lemma admissible_at_perm:
  assumes "p \<in> perms n" "j < length p"
  shows "admissible_at sel (take j p) (p ! j) \<longleftrightarrow>
    ((\<exists>z\<in>set (take j p). p ! j < z) \<longrightarrow>
      p ! j = sel (insert (p ! j) {y \<in> set (drop (Suc j) p). \<exists>z\<in>set (take j p). y < z}))"
proof -
  let ?x = "p ! j"
  have p: "distinct p" "set p = {1..n}" using assms(1) by (auto simp: perms_def)
  have notin: "?x \<notin> set (take j p)"
    using p(1) assms(2) by (auto simp: in_set_take_iff nth_eq_iff_index_eq)
  have "0 < ?x" using p(2) nth_mem[OF assms(2)] by auto
  then have "maxval (take j p) < ?x \<longleftrightarrow> (\<forall>z\<in>set (take j p). z < ?x)"
    by (simp add: maxval_less_iff)
  also have "\<dots> \<longleftrightarrow> (\<forall>z\<in>set (take j p). z \<le> ?x)"
    using notin by (auto intro: le_neq_implies_less)
  also have "\<dots> \<longleftrightarrow> \<not> (\<exists>z\<in>set (take j p). ?x < z)"
    by (auto simp: not_less)
  finally have new: "maxval (take j p) < ?x \<longleftrightarrow> \<not> (\<exists>z\<in>set (take j p). ?x < z)" .
  have "set (drop j p) = insert ?x (set (drop (Suc j) p))"
    using assms(2) by (simp add: Cons_nth_drop_Suc[symmetric])
  then have pending: "pending (take j p) =
      {y \<in> insert ?x (set (drop (Suc j) p)). \<exists>z\<in>set (take j p). y < z}"
    using pending_take[OF assms(1), of j] by simp
  show ?thesis
  proof (cases "\<exists>z\<in>set (take j p). ?x < z")
    case True
    then have "pending (take j p) = insert ?x {y \<in> set (drop (Suc j) p). \<exists>z\<in>set (take j p). y < z}"
      unfolding pending by blast
    then show ?thesis using True new by (simp add: admissible_at_def)
  next
    case False
    then show ?thesis using new by (simp add: admissible_at_def)
  qed
qed

lemma eq_Max_insert_iff:
  assumes "finite B"
  shows "x = Max (insert x B) \<longleftrightarrow> (\<forall>y\<in>B. y \<le> (x::'a::linorder))"
proof
  assume "x = Max (insert x B)"
  then show "\<forall>y\<in>B. y \<le> x" using assms by (metis Max_ge finite_insert insertCI)
qed (use assms in \<open>auto intro: Max_eqI[symmetric]\<close>)
lemma eq_Min_insert_iff:
  assumes "finite B"
  shows "x = Min (insert x B) \<longleftrightarrow> (\<forall>y\<in>B. (x::'a::linorder) \<le> y)"
proof
  assume "x = Min (insert x B)"
  then show "\<forall>y\<in>B. x \<le> y" using assms by (metis Min_le finite_insert insertCI)
qed (use assms in \<open>auto intro: Min_eqI[symmetric]\<close>)

lemma below_bounded_le_iff:
  "((\<exists>z\<in>T. x < z) \<longrightarrow> (\<forall>y\<in>Y. (\<exists>z\<in>T. y < z) \<longrightarrow> y \<le> (x::'a::linorder)))
   \<longleftrightarrow> \<not> (\<exists>y\<in>Y. \<exists>z\<in>T. x < y \<and> y < z)"
  by (auto simp: not_le dest: less_trans)

lemma below_bounded_ge_iff:
  "((\<exists>z\<in>T. x < z) \<longrightarrow> (\<forall>y\<in>Y. (\<exists>z\<in>T. y < z) \<longrightarrow> (x::'a::linorder) \<le> y))
   \<longleftrightarrow> \<not> (\<exists>y\<in>Y. \<exists>z\<in>T. y < x \<and> x < z)"
  by (auto simp: not_le) (meson less_trans leD)

lemma ex_later_earlier_iff:
  "(\<exists>y\<in>set (drop (Suc j) p). \<exists>z\<in>set (take j p). P y z) \<longleftrightarrow>
   (\<exists>i k. i < j \<and> j < k \<and> k < length p \<and> P (p ! k) (p ! i))"
  unfolding Bex_def in_set_take_iff in_set_drop_iff Suc_le_eq by (metis less_trans)

lemma admissible_at_Max_perm:
  assumes "p \<in> perms n" "j < length p"
  shows "admissible_at Max (take j p) (p ! j) \<longleftrightarrow>
    \<not> (\<exists>i k. i < j \<and> j < k \<and> k < length p \<and> p ! j < p ! k \<and> p ! k < p ! i)"
proof -
  let ?T = "set (take j p)"
  have "admissible_at Max (take j p) (p ! j) \<longleftrightarrow>
      ((\<exists>z\<in>?T. p ! j < z) \<longrightarrow> (\<forall>y\<in>set (drop (Suc j) p). (\<exists>z\<in>?T. y < z) \<longrightarrow> y \<le> p ! j))"
    unfolding admissible_at_perm[OF assms] by (auto simp: eq_Max_insert_iff)
  also have "\<dots> \<longleftrightarrow> \<not> (\<exists>y\<in>set (drop (Suc j) p). \<exists>z\<in>?T. p ! j < y \<and> y < z)"
    by (rule below_bounded_le_iff)
  finally show ?thesis unfolding ex_later_earlier_iff .
qed

lemma admissible_at_Min_perm:
  assumes "p \<in> perms n" "j < length p"
  shows "admissible_at Min (take j p) (p ! j) \<longleftrightarrow>
    \<not> (\<exists>i k. i < j \<and> j < k \<and> k < length p \<and> p ! k < p ! j \<and> p ! j < p ! i)"
proof -
  let ?T = "set (take j p)"
  have "admissible_at Min (take j p) (p ! j) \<longleftrightarrow>
      ((\<exists>z\<in>?T. p ! j < z) \<longrightarrow> (\<forall>y\<in>set (drop (Suc j) p). (\<exists>z\<in>?T. y < z) \<longrightarrow> p ! j \<le> y))"
    unfolding admissible_at_perm[OF assms] by (auto simp: eq_Min_insert_iff)
  also have "\<dots> \<longleftrightarrow> \<not> (\<exists>y\<in>set (drop (Suc j) p). \<exists>z\<in>?T. y < p ! j \<and> p ! j < z)"
    by (rule below_bounded_ge_iff)
  finally show ?thesis unfolding ex_later_earlier_iff .
qed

▶ PROMPT: Return each line from the material that includes the string "unfolding".

▶ EXERCISE OUTPUT:
      unfolding pending by blast
  unfolding Bex_def in_set_take_iff in_set_drop_iff Suc_le_eq by (metis less_trans)
    unfolding admissible_at_perm[OF assms] by (auto simp: eq_Max_insert_iff)
  finally show ?thesis unfolding ex_later_earlier_iff .
    unfolding admissible_at_perm[OF assms] by (auto simp: eq_Min_insert_iff)
  finally show ?thesis unfolding ex_later_earlier_iff .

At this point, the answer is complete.